Task directions: Exact copies of the lines from the line containing "F \<Phi> \<and>" through the last line of the entries below are the whole answer.

(Collected data)
*** Begin section ***

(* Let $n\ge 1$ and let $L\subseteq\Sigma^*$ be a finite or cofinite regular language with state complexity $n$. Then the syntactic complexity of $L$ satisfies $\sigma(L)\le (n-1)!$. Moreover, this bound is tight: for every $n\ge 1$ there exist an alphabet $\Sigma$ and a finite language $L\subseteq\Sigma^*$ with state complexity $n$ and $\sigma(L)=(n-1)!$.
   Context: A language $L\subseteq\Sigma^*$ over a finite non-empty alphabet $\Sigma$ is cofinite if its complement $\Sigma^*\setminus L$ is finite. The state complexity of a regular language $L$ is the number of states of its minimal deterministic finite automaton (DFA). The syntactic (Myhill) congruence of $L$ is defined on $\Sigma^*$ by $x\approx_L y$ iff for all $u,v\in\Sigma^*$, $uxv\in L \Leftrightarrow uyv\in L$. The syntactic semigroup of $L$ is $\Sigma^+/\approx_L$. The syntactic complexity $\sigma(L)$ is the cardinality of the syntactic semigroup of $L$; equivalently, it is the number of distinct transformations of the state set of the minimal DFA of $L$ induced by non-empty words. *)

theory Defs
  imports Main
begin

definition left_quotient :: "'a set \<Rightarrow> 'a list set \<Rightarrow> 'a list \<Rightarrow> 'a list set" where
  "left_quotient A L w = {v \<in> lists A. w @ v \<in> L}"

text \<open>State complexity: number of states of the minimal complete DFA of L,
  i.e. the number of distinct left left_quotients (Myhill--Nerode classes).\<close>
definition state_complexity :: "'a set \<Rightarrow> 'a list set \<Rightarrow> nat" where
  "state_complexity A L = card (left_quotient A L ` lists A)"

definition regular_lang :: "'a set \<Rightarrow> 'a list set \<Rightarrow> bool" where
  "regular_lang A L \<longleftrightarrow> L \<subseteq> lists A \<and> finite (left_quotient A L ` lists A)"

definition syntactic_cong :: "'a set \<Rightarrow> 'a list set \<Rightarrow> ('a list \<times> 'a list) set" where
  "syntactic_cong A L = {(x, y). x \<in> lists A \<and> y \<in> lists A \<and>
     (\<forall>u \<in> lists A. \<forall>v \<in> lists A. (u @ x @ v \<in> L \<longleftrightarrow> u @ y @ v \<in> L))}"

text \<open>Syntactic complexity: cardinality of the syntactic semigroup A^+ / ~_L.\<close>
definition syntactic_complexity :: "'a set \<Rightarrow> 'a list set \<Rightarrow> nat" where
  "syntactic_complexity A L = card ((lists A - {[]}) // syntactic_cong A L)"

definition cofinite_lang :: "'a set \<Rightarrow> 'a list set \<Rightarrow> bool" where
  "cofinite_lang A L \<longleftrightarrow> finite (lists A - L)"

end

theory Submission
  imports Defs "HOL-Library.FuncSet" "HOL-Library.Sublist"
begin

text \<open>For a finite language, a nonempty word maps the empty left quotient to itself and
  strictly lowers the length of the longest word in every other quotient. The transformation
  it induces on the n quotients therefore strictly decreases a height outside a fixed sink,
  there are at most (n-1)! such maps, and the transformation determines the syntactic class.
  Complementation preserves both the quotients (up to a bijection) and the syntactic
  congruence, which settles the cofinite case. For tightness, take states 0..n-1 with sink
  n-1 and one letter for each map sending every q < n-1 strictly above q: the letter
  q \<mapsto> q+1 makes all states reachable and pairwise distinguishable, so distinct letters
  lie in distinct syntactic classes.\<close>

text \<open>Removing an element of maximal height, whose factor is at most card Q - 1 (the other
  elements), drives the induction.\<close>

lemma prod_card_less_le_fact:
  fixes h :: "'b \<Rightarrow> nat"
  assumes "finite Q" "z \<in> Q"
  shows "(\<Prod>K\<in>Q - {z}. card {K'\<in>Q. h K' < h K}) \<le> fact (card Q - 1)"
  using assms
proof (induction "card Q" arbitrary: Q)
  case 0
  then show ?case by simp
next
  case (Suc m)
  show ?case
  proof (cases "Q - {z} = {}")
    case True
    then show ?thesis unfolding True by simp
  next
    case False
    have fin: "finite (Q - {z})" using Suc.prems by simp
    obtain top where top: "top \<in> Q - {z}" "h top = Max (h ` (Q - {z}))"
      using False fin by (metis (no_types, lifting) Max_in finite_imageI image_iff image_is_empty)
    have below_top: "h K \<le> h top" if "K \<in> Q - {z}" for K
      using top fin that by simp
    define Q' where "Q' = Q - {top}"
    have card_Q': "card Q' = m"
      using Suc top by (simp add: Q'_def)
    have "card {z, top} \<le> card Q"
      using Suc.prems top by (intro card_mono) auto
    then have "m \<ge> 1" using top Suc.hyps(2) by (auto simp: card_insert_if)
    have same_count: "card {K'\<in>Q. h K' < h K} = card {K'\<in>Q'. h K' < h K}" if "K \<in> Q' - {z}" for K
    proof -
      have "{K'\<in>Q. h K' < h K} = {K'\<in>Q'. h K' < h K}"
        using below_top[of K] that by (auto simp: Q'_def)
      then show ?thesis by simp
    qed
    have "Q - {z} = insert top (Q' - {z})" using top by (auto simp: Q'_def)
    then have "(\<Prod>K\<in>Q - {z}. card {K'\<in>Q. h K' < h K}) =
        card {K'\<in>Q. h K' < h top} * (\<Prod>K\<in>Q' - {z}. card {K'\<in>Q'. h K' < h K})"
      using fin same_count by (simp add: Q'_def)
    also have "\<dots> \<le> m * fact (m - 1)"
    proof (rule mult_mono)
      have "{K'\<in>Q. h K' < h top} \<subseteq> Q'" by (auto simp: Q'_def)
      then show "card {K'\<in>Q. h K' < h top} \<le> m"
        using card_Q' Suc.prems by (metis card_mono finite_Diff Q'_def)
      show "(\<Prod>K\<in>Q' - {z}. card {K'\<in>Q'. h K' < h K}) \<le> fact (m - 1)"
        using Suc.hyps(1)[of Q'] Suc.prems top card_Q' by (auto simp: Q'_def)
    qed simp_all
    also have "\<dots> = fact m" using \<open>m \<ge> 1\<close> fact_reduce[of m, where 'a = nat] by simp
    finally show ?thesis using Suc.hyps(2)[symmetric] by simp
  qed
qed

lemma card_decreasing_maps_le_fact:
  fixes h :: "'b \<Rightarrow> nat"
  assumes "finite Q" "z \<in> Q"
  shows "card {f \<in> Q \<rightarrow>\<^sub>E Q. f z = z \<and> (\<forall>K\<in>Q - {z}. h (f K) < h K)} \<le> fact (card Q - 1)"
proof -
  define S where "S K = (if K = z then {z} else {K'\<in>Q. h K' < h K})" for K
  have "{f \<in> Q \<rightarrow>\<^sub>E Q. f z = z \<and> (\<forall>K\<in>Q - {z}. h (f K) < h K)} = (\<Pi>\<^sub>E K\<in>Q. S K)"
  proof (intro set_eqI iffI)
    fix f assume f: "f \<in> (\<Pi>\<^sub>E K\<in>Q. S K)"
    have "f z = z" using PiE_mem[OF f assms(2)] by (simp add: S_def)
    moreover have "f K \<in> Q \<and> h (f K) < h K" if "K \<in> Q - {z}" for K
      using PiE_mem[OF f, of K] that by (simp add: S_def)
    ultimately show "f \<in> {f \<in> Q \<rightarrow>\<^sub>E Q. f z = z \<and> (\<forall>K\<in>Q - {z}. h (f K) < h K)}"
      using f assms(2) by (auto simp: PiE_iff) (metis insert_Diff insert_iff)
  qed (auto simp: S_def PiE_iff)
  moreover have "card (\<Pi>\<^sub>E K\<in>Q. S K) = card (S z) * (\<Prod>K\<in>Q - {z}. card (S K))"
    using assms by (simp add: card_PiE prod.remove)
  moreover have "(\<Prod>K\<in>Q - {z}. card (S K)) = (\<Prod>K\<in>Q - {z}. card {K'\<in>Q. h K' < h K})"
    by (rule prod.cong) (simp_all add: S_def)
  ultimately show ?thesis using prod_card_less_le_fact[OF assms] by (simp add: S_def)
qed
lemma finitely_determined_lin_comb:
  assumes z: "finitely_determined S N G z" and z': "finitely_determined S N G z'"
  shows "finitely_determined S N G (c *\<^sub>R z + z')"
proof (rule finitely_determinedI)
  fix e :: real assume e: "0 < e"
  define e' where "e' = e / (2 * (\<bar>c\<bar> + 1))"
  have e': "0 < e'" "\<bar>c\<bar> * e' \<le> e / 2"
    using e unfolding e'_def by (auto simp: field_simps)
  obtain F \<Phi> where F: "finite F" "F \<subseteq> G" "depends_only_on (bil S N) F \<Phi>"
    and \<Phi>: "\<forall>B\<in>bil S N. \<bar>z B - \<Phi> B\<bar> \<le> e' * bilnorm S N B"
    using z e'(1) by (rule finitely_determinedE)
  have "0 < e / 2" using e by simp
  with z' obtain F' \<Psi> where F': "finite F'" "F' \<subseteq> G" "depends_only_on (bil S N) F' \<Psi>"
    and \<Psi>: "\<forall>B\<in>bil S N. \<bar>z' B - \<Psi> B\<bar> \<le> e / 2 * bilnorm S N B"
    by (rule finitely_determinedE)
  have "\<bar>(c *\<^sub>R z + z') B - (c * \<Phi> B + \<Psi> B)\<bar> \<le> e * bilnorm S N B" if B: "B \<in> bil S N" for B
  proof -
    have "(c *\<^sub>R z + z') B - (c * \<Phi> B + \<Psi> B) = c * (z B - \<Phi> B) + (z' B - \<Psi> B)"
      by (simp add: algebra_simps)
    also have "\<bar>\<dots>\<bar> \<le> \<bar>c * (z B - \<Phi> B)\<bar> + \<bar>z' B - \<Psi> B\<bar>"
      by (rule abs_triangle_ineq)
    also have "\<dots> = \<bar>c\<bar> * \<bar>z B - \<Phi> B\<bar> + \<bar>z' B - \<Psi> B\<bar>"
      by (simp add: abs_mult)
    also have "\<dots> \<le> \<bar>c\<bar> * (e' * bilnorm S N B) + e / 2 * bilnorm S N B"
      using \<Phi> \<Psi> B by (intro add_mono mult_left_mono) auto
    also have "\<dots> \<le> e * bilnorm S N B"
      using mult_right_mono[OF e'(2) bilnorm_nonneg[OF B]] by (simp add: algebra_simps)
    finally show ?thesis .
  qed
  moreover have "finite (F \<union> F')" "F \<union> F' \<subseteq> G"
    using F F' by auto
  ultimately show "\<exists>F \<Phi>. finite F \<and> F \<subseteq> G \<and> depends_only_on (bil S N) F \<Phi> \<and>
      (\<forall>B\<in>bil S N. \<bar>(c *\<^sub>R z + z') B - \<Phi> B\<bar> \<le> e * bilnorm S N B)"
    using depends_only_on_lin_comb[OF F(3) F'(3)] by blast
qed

*** End section ***

Written response:
  ultimately show "\<exists>F \<Phi>. finite F \<and> F \<subseteq> G \<and> depends_only_on (bil S N) F \<Phi> \<and>
      (\<forall>B\<in>bil S N. \<bar>(c *\<^sub>R z + z') B - \<Phi> B\<bar> \<le> e * bilnorm S N B)"
    using depends_only_on_lin_comb[OF F(3) F'(3)] by blast
qed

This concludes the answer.